lemma projective_card_ge:
  assumes lc: "linear_code n C" and ty: "has_type C k1 k2" and pr: "projective n C"
  shows "2 * n + 2 ^ (k1 + k2) \<le> card C"
proof -
  obtain \<psi> where \<psi>: "bij_betw \<psi> C (model_group k1 k2)"
    and \<psi>_add: "\<And>x y. x \<in> C \<Longrightarrow> y \<in> C \<Longrightarrow> \<psi> (x + y) = \<psi> x + \<psi> y"
    using has_type_inverse[OF ty] by blast
  define \<theta> :: "nat \<times> 4 \<Rightarrow> (nat \<Rightarrow> 4) \<Rightarrow> 4" where "\<theta> p x = snd p * x (fst p)" for p x
  define \<eta> where "\<eta> S x = order2_char k1 S (\<psi> x)" for S x
  have \<theta>_separated: "\<exists>x\<in>C. \<theta> p x \<noteq> \<theta> q x"
    if "p \<in> {..<n} \<times> {1, 3}" "q \<in> {..<n} \<times> {1, 3}" "p \<noteq> q" for p q
    using that projective_unit_coords_separated[OF pr, of "fst p" "fst q" "snd p" "snd q"]
    by (simp add: \<theta>_def prod_eq_iff mem_Times_iff)
  have \<theta>_order_4: "\<exists>x\<in>C. 2 * \<theta> p x \<noteq> 0" if "p \<in> {..<n} \<times> {1, 3}" for p
    using that projective_unit_coord_order_4[OF pr, of "fst p" "snd p"]
    by (simp add: \<theta>_def mem_Times_iff)
  have \<eta>_separated: "\<exists>x\<in>C. \<eta> S x \<noteq> \<eta> T x"
    if ST: "S \<subseteq> {..<k1 + k2}" "T \<subseteq> {..<k1 + k2}" "S \<noteq> T" for S T
  proof -
    obtain g where "g \<in> model_group k1 k2" "order2_char k1 S g \<noteq> order2_char k1 T g"
      using order2_char_separates[OF ST] by blast
    moreover obtain x where "x \<in> C" "g = \<psi> x"
      using bij_betw_imp_surj_on[OF \<psi>] calculation(1) by blast
    ultimately show ?thesis
      by (auto simp: \<eta>_def)
  qed
  have \<eta>_order_2: "2 * \<eta> S x = 0" if "x \<in> C" for S x
    using order2_char_times_2 bij_betw_apply[OF \<psi> that] by (simp add: \<eta>_def)
  have "card ({..<n} \<times> {1, 3 :: 4}) + card (Pow {..<k1 + k2}) \<le> card C"
    by (rule card_le_of_distinct_characters_of_orders_4_2[of C _ _ \<theta> \<eta>])
       (use lc \<theta>_separated \<theta>_order_4 \<eta>_separated \<eta>_order_2 \<psi>_add
        in \<open>auto simp: linear_code_finite linear_code_diff linear_code_def \<theta>_def \<eta>_def
          distrib_left order2_char_add\<close>)
  then show ?thesis
    by (simp add: card_cartesian_product card_Pow)
qed

section \<open>Two-weight codes\<close>

lemma zero_notin_nonzero_weights: "linear_code n C \<Longrightarrow> 0 \<notin> nonzero_weights n C"
  using lee_wt_eq_0_iff by (auto simp: linear_code_def nonzero_weights_def)

lemma nonzero_weights_length_0: "linear_code 0 C \<Longrightarrow> nonzero_weights 0 C = {}"
  by (auto simp: linear_code_def vecs_def nonzero_weights_def fun_eq_iff)

lemma sum_lee_wt_distribution:
  fixes f :: "nat \<Rightarrow> 'a::comm_semiring_1"
  assumes "linear_code n C"
  shows "(\<Sum>x\<in>C. f (lee_wt n x)) =
    f 0 + (\<Sum>w\<in>nonzero_weights n C. of_nat (weight_count n C w) * f w)"
proof -
  have C: "finite C" "0 \<in> C" "C \<subseteq> vecs n"
    using assms linear_code_finite unfolding linear_code_def by auto
  then have zero: "{x \<in> C. lee_wt n x = 0} = {0}"
    using lee_wt_eq_0_iff by (auto simp: lee_wt_def)
  have weights: "lee_wt n ` C = insert 0 (nonzero_weights n C)"
    using C lee_wt_eq_0_iff[of 0 n] by (force simp: nonzero_weights_def)
  have "finite (nonzero_weights n C)"
    using C weights by (metis finite_imageI finite_insert)
  moreover have "(\<Sum>x\<in>C. f (lee_wt n x)) =
      (\<Sum>w\<in>lee_wt n ` C. of_nat (weight_count n C w) * f w)"
    by (subst sum.image_gen[OF \<open>finite C\<close>, of _ "lee_wt n"]) (simp add: weight_count_def)
  ultimately show ?thesis
    using zero zero_notin_nonzero_weights[OF assms] by (simp add: weights weight_count_def)
qed

lemma two_weight_moments:
  assumes lc: "linear_code n C" and pr: "projective n C"
    and W: "nonzero_weights n C = {d, w}" "d \<noteq> w"
  defines "a \<equiv> real (weight_count n C d)" and "b \<equiv> real (weight_count n C w)"
  shows "real (card C) = 1 + a + b"
    and "a * real d + b * real w = real n * real (card C)"
    and "a * real d ^ 2 + b * real w ^ 2 = (real n ^ 2 + real n / 2) * real (card C)"
  using sum_lee_wt_distribution[OF lc, of "\<lambda>_. 1 :: real"]
    sum_lee_wt_distribution[OF lc, of "\<lambda>w. real w"]
    sum_lee_wt_distribution[OF lc, of "\<lambda>w. real w ^ 2"]
    sum_lee_wt[OF lc pr] sum_lee_wt_square[OF lc pr] W
  by (simp_all add: a_def b_def)

lemma two_weight_moment_equations:
  fixes n w N a b :: real
  assumes "0 < n"
    and "N = 1 + a + b"
    and "a * n + b * w = n * N"
    and "a * n ^ 2 + b * w ^ 2 = (n ^ 2 + n / 2) * N"
  shows "b * (w - n) = n" and "2 * w = N"
proof -
  show first: "b * (w - n) = n"
    using assms(2,3) by (simp add: algebra_simps)
  have "b * (w - n) * (w + n) = n * N / 2 + n ^ 2"
    using assms(2,4) by (simp add: algebra_simps power2_eq_square)
  then have "n * (w + n) = n * N / 2 + n ^ 2"
    using first by simp
  then have "n * w = n * (N / 2)"
    by (simp add: algebra_simps power2_eq_square)
  then show "2 * w = N"
    using \<open>0 < n\<close> by simp
qed

lemma two_weight_parameters:
  fixes n w b K :: nat
  assumes "0 < n" "n < w" "2 * w = 2 ^ K" "b * (w - n) = n"
  obtains t where "1 \<le> t" "t < K" "w = 2 ^ (K - 1)" "b = 2 ^ t - 1"
    "n = 2 ^ (K - 1) - 2 ^ (K - t - 1)" "2 * n + 2 ^ (K - t) = 2 ^ K"
proof -
  have "K \<noteq> 0"
    using assms(3) by (cases K) simp_all
  then have w: "w = 2 ^ (K - 1)"
    using assms(3) by (cases K) simp_all
  have "(b + 1) * (w - n) = w"
    using assms(2,4) by (simp add: add_mult_distrib)
  then have "b + 1 dvd 2 ^ (K - 1)"
    using w by (metis dvd_triv_left)
  then obtain t where t: "t \<le> K - 1" "b + 1 = 2 ^ t"
    by (auto simp: divides_primepow_nat[OF two_is_prime_nat])
  have "b \<noteq> 0"
    using assms(1,4) by (metis mult_0 less_irrefl)
  with t have "1 \<le> t"
    by (cases t) simp_all
  have "t + (K - t - 1) = K - 1"
    using t(1) by simp
  then have "2 ^ t * (w - n) = 2 ^ t * 2 ^ (K - t - 1)"
    using \<open>(b + 1) * (w - n) = w\<close> t(2) w by (metis power_add)
  then have gap: "w - n = 2 ^ (K - t - 1)"
    by simp
  then have n: "n = 2 ^ (K - 1) - 2 ^ (K - t - 1)"
    using w \<open>n < w\<close> by simp
  have "2 * n + 2 * (w - n) = 2 * w"
    using \<open>n < w\<close> by simp
  moreover have "2 * 2 ^ (K - t - 1) = (2 :: nat) ^ (K - t)"
    using t(1) \<open>1 \<le> t\<close> \<open>K \<noteq> 0\<close> by (simp flip: power_Suc)
  ultimately have "2 * n + 2 ^ (K - t) = 2 ^ K"
    using gap assms(3) by simp
  moreover have "t < K" "b = 2 ^ t - 1"
    using t \<open>K \<noteq> 0\<close> by simp_all
  ultimately show thesis
    using that \<open>1 \<le> t\<close> w n by blast
qed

···

### Exercise instructions
Search the entries for "auto" and copy out each line that has it.

### Exercise answer
      by (auto simp: \<eta>_def)
        in \<open>auto simp: linear_code_finite linear_code_diff linear_code_def \<theta>_def \<eta>_def
  using lee_wt_eq_0_iff by (auto simp: linear_code_def nonzero_weights_def)
  by (auto simp: linear_code_def vecs_def nonzero_weights_def fun_eq_iff)
    using assms linear_code_finite unfolding linear_code_def by auto
    using lee_wt_eq_0_iff by (auto simp: lee_wt_def)
    by (auto simp: divides_primepow_nat[OF two_is_prime_nat])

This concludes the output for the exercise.